Your objective: Needed from the data below: every line from the one with "w n \<le> w" up to and including the one with "n))) = ereal (of_int (w", repeated exactly and with nothing else.
[Start of section]
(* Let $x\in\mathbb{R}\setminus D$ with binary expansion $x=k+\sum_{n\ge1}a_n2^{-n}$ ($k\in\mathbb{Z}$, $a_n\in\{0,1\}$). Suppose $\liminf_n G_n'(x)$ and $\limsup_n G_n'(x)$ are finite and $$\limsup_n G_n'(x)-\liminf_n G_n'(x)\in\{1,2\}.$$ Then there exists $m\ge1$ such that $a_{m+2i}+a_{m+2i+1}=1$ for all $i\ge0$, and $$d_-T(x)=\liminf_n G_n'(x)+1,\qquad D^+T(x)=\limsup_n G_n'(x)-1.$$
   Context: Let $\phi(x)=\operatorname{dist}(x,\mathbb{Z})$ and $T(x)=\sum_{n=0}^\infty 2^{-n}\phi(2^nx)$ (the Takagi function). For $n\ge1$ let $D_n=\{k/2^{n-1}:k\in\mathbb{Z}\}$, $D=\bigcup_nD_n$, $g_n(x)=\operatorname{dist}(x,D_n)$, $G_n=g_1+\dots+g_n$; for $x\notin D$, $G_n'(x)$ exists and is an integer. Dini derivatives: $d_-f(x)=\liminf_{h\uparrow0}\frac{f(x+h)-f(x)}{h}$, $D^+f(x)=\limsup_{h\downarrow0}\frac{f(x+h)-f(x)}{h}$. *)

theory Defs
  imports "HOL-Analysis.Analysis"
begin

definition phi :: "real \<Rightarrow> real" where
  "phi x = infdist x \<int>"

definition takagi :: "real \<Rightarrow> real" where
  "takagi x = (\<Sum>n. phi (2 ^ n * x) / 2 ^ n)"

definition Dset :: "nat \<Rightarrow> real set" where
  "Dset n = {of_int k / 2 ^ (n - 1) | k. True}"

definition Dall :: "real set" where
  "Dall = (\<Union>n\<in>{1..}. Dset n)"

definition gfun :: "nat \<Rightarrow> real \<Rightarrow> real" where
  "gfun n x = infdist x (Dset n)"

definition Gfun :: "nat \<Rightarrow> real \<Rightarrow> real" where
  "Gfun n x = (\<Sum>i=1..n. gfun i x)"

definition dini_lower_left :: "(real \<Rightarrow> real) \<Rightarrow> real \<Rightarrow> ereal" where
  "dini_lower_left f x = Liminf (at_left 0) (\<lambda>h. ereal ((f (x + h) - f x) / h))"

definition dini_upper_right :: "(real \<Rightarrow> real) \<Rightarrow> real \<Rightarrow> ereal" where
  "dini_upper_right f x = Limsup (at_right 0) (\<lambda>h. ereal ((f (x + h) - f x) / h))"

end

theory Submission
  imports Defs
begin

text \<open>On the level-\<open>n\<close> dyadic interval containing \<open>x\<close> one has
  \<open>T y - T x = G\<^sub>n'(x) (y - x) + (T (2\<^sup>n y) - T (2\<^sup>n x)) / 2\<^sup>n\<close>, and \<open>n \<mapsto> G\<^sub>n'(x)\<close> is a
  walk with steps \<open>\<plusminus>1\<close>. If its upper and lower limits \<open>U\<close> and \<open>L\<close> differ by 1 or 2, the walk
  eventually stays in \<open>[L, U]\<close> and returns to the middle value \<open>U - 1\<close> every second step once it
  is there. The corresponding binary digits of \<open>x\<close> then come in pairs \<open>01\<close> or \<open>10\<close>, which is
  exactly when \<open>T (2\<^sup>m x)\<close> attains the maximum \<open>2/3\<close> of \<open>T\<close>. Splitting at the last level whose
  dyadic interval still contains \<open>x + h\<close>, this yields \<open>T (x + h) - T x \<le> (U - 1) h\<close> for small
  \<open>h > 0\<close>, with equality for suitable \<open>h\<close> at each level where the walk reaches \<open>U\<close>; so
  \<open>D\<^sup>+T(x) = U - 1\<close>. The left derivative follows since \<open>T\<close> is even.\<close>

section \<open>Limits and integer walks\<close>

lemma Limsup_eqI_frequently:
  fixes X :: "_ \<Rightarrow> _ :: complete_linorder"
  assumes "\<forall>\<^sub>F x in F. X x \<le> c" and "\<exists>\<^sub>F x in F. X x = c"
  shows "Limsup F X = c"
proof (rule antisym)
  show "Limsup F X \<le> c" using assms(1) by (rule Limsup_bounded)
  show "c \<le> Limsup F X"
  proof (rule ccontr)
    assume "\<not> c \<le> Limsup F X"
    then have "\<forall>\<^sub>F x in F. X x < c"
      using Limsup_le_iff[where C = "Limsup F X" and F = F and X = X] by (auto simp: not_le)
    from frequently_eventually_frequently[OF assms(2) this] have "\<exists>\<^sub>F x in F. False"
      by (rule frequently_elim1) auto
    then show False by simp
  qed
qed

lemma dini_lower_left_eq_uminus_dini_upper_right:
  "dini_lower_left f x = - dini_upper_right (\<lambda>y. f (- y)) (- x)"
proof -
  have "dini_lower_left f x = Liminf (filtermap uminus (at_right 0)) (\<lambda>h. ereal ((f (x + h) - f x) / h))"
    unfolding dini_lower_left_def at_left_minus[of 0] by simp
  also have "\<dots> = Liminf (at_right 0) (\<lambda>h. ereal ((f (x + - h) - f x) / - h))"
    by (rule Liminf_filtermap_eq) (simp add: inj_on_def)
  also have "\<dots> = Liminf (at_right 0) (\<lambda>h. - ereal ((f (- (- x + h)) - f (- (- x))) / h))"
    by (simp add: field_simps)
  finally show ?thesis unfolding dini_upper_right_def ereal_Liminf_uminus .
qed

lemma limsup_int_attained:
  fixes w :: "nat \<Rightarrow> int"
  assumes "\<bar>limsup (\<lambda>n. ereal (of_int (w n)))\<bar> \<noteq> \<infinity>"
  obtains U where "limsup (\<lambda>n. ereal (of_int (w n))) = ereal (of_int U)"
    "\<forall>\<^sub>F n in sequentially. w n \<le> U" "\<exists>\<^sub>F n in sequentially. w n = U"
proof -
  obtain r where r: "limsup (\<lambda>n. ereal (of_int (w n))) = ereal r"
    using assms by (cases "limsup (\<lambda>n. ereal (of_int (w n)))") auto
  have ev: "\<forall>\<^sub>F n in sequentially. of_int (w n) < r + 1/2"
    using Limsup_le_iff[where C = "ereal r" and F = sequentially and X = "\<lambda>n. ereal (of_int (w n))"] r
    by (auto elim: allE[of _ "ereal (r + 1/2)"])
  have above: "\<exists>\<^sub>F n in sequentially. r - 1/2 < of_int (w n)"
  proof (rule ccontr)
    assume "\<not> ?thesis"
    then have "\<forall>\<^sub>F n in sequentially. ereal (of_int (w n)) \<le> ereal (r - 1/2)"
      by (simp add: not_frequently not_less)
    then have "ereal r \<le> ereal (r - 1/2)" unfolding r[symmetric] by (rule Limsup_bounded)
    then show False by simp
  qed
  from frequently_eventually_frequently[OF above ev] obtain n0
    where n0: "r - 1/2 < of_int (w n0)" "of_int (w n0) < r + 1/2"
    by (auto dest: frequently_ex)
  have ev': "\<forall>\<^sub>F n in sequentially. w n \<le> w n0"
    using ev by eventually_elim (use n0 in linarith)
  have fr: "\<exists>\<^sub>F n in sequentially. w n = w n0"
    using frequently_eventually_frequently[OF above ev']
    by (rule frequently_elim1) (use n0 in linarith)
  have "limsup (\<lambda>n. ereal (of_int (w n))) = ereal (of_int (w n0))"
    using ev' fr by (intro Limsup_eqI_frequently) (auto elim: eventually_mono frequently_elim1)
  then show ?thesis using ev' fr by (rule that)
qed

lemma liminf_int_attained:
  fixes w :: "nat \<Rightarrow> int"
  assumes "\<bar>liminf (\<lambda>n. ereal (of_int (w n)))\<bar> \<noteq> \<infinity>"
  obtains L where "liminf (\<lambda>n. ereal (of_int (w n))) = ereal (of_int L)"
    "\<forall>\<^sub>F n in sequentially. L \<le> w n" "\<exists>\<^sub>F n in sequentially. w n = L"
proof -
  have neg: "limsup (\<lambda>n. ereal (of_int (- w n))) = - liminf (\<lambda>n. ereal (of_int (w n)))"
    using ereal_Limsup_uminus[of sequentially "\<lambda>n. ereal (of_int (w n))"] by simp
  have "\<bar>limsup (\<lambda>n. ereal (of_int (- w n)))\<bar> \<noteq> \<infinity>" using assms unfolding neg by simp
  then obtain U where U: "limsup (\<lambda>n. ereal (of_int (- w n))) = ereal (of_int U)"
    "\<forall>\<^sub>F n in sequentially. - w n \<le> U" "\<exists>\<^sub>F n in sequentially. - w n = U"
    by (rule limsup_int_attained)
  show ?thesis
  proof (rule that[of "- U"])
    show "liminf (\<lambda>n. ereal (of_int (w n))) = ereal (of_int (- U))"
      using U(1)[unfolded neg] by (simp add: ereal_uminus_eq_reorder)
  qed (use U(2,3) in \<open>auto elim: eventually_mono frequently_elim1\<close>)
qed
[End of section]
Response to the exercise:
  have ev': "\<forall>\<^sub>F n in sequentially. w n \<le> w n0"
    using ev by eventually_elim (use n0 in linarith)
  have fr: "\<exists>\<^sub>F n in sequentially. w n = w n0"
    using frequently_eventually_frequently[OF above ev']
    by (rule frequently_elim1) (use n0 in linarith)
  have "limsup (\<lambda>n. ereal (of_int (w n))) = ereal (of_int (w n0))"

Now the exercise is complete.